In reversal, Pentagon now says it backs GOP measure on birds

The greater sage-grouse has ruffled feathers in recent years as populations have declined. New management proposals for federal sagebrush landscapes aim to keep the birds healthy, while preserving traditional land uses. Photo credit U.S. Fish and Wildlife Service.

WASHINGTON (AP) — In an abrupt reversal, the Pentagon said Thursday it supports a Republican proposal in a defense policy bill that would bar the Fish and Wildlife Service from using the Endangered Species Act to protect two chicken-like birds in the western half of the U.S.

In an email to Congress, a top Pentagon official said the proposal could help avoid any “negative readiness impacts on military facilities” that might result from listing the sage grouse and lesser-prairie chicken as endangered.

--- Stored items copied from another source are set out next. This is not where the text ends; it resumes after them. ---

(* For any $n\in\mathbb{R}^+$, $f\in D_{HK}$, $\phi\in\mathcal{D}(a,b)$ and any nonnegative integer $j$, $$\langle D^{j}(\mathcal{J}_a^{n}f),\phi\rangle=\langle D^{j}f,\mathcal{J}_{b_-}^n\phi\rangle.$$
   Context: Fix real numbers $a<b$. $\mathcal{D}(a,b)$ is the space of real $C^\infty$ functions with compact support in $(a,b)$, $\mathcal{D}'(a,b)$ the distributions on $(a,b)$, $\langle T,\psi\rangle$ the pairing (for $T\in D_{HK}$ and $\psi$ of bounded variation, $\langle T,\psi\rangle=\int_a^b T\psi$), $D$ the distributional derivative, $D^j$ its $j$-fold iterate, $D^0=I$. Let $C_0=\{F\in C[a,b]:F(a)=0\}$. A distribution $f$ is Henstock–Kurzweil integrable if $f=DF$ for some (unique) $F\in C_0$; $\int_c^d f=F(d)-F(c)$. $D_{HK}$ is the space of these with the Alexiewicz norm $\|f\|_A=\sup_{[a,b]}|F|$; $L^1[a,b]$ is dense in it. Left Riemann–Liouville integral: for $n\ge1$, $\mathcal{J}_a^nf(x)=\frac{1}{\Gamma(n)}\int_a^x(x-t)^{n-1}f(t)\,dt$; for $0<n<1$, $\mathcal{J}_a^nf(x)=\frac{1}{\Gamma(n)}\lim_{k}\int_a^x(x-t)^{n-1}f_k(t)\,dt$ with $(f_k)\subset L^1[a,b]$, $\|f_k-f\|_A\to0$. Right-sided Riemann–Liouville integral: for $n\ge1$, $\mathcal{J}_{b_-}^nf(x)=\frac{1}{\Gamma(n)}\int_x^b(t-x)^{n-1}f(t)\,dt$; for $0<n<1$, $\mathcal{J}_{b_-}^nf(x)=\frac{1}{\Gamma(n)}\lim_{k}\int_x^b(t-x)^{n-1}f_k(t)\,dt$ with $(f_k)$ as before; $\mathcal{J}_{b_-}^0=I$. *)

theory Defs
  imports "HOL-Analysis.Analysis"
begin

definition test_fun :: "real \<Rightarrow> real \<Rightarrow> (real \<Rightarrow> real) \<Rightarrow> bool" where
  "test_fun a b \<phi> \<longleftrightarrow>
     (\<forall>k x. (deriv ^^ k) \<phi> differentiable (at x)) \<and>
     (\<exists>c d. a < c \<and> d < b \<and> (\<forall>x. x \<notin> {c..d} \<longrightarrow> \<phi> x = 0))"

type_synonym distr = "(real \<Rightarrow> real) \<Rightarrow> real"

definition dist_deriv :: "nat \<Rightarrow> distr \<Rightarrow> distr" where
  "dist_deriv j T = (\<lambda>\<phi>. (-1) ^ j * T ((deriv ^^ j) \<phi>))"

definition regular_dist :: "real \<Rightarrow> real \<Rightarrow> (real \<Rightarrow> real) \<Rightarrow> distr" where
  "regular_dist a b g = (\<lambda>\<phi>. integral {a..b} (\<lambda>x. g x * \<phi> x))"

text \<open>The HK integrable distribution f = DF given by its primitive F in C_0:
  pairing with phi is -integral of F times phi'.\<close>
definition hk_dist :: "real \<Rightarrow> real \<Rightarrow> (real \<Rightarrow> real) \<Rightarrow> distr" where
  "hk_dist a b F = (\<lambda>\<phi>. - integral {a..b} (\<lambda>x. F x * deriv \<phi> x))"

definition rs_has_integral :: "(real \<Rightarrow> real) \<Rightarrow> (real \<Rightarrow> real) \<Rightarrow> real \<Rightarrow> real \<Rightarrow> real \<Rightarrow> bool" where
  "rs_has_integral F g c d I \<longleftrightarrow>
     (\<forall>e>0. \<exists>\<delta>>0. \<forall>p. p tagged_division_of {c..d} \<and> (\<lambda>x. ball x \<delta>) fine p \<longrightarrow>
        \<bar>(\<Sum>(x,K)\<in>p. F x * (g (Sup K) - g (Inf K))) - I\<bar> < e)"

definition rs_integral :: "(real \<Rightarrow> real) \<Rightarrow> (real \<Rightarrow> real) \<Rightarrow> real \<Rightarrow> real \<Rightarrow> real" where
  "rs_integral F g c d = (THE I. rs_has_integral F g c d I)"

text \<open>HK integral over [c,d] of f = DF times a function g of bounded variation,
  defined by integration by parts: F(d)g(d) - F(c)g(c) - (RS) integral of F dg.\<close>
definition hk_int :: "real \<Rightarrow> real \<Rightarrow> (real \<Rightarrow> real) \<Rightarrow> (real \<Rightarrow> real) \<Rightarrow> real" where
  "hk_int c d F g = F d * g d - F c * g c - rs_integral F g c d"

The statement by Pete Giambastiani, a legislative affairs aide, directly repudiates comments Wednesday by Pentagon officials calling the GOP proposal unnecessary. The House-approved language would block endangered-species listing for the two birds for 10 years.

The birds have become flashpoints in an ongoing battle over whether they warrant federal protection that hinders mining and other development from Kansas to California.

In a one-paragraph position paper made public Wednesday, the Pentagon said the GOP provision was “not necessary to protect military testing and training” and said the department “urges its exclusion” from the defense bill being negotiated by House and Senate leaders.

Lucian Niemeyer, assistant secretary of defense for energy, installations and environment, said Wednesday that military installations are “not experiencing significant mission impacts related to the management” of the sage grouse, lesser-prairie chicken or the American burying beetle, another threatened species targeted by the GOP bill.

Giambastiani, in his email Thursday, challenged the accuracy of Niemeyer’s statement.

“The administration, the Defense Department and the Interior Department support the provision in question and believe that it could help the department avoid any negative readiness impacts on military facilities should the species be listed as endangered under the Endangered Species Act,” he wrote. “Importantly, several vital military installations are impacted by sage grouse populations in, around or underneath the airspace used by the Department of Defense on a daily basis.”

Alex Thompson, a spokeswoman for the Wilderness Society, said the GOP bill would “undermine collaborative, bipartisan efforts of Western states and federal agencies by binding the hands of federal agencies to exercise authority under the Endangered Species Act” to protect the sage grouse and lesser-prairie chicken.

“This attempted end-run around congressional authorizing committee jurisdictions has drawn furious opposition” from veterans and sportsmen groups across the country, Thompson said, vowing to fight against the GOP plan.

Utah Rep. Rob Bishop inserted the endangered-species language into the defense policy bill, arguing that federal conservation efforts for the imperiled birds and the beetle undermine military training and readiness.

A 2015 report by the Army says land-use restrictions designed to protect the sage grouse could affect operations at a number of Western sites, including the Yakima Training Center in Washington state and Hawthorne Army Depot in Nevada.